lemma poisson_ext_harnack:
  fixes w :: "complex \<Rightarrow> real"
  assumes "(\<lambda>t. w (cis t)) \<in> borel_measurable lborel" and "\<And>t. 0 \<le> w (cis t)"
    and z: "cmod z < 1"
  shows "(1 - cmod z) / (1 + cmod z) * poisson_ext w 0 \<le> poisson_ext w z"
    and "poisson_ext w z \<le> (1 + cmod z) / (1 - cmod z) * poisson_ext w 0"
proof -
  have "poisson_ext w 0 \<le> (1 + cmod z) / (1 - cmod z) * poisson_ext w z"
  proof (rule poisson_ext_le_scaled[OF assms(1,2)])
    show "poisson_kernel 0 (cis t) \<le> (1 + cmod z) / (1 - cmod z) * poisson_kernel z (cis t)" for t
      using poisson_kernel_cis_ge[OF z, of t] z by (simp add: field_simps add_pos_nonneg)
  qed (use z in auto)
  then show "(1 - cmod z) / (1 + cmod z) * poisson_ext w 0 \<le> poisson_ext w z"
    using z by (simp add: field_simps add_pos_nonneg)
  show "poisson_ext w z \<le> (1 + cmod z) / (1 - cmod z) * poisson_ext w 0"
    by (rule poisson_ext_le_scaled[OF assms(1,2) z])
       (use z poisson_kernel_cis_le[OF z] in auto)
qed

lemma has_vector_derivative_along_line:
  assumes "H holomorphic_on S" "open S" "z \<in> S"
  shows "((\<lambda>s::real. H (z + c * of_real s)) has_vector_derivative (c * deriv H z)) (at 0)"
proof -
  have line: "((\<lambda>s::real. z + c * of_real s) has_vector_derivative c) (at 0)"
    by (auto intro!: derivative_eq_intros)
  have "(H has_field_derivative deriv H z) (at ((\<lambda>s::real. z + c * of_real s) 0))"
    using holomorphic_derivI[OF assms] by simp
  from field_vector_diff_chain_at[OF line this] show ?thesis
    by (simp add: o_def)
qed

lemma grad_sq_holomorphic:
  assumes "H holomorphic_on S" "open S" "z \<in> S"
  shows "grad_sq H z = 2 * (cmod (deriv H z))\<^sup>2"
  using has_vector_derivative_along_line[OF assms, of 1] has_vector_derivative_along_line[OF assms, of \<i>]
  by (simp add: grad_sq_def norm_mult vector_derivative_at)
________________________
Exercise ::
Looking back at the data above, tally each line that includes the word "cmod", then answer with the total alone.

Written response ::
8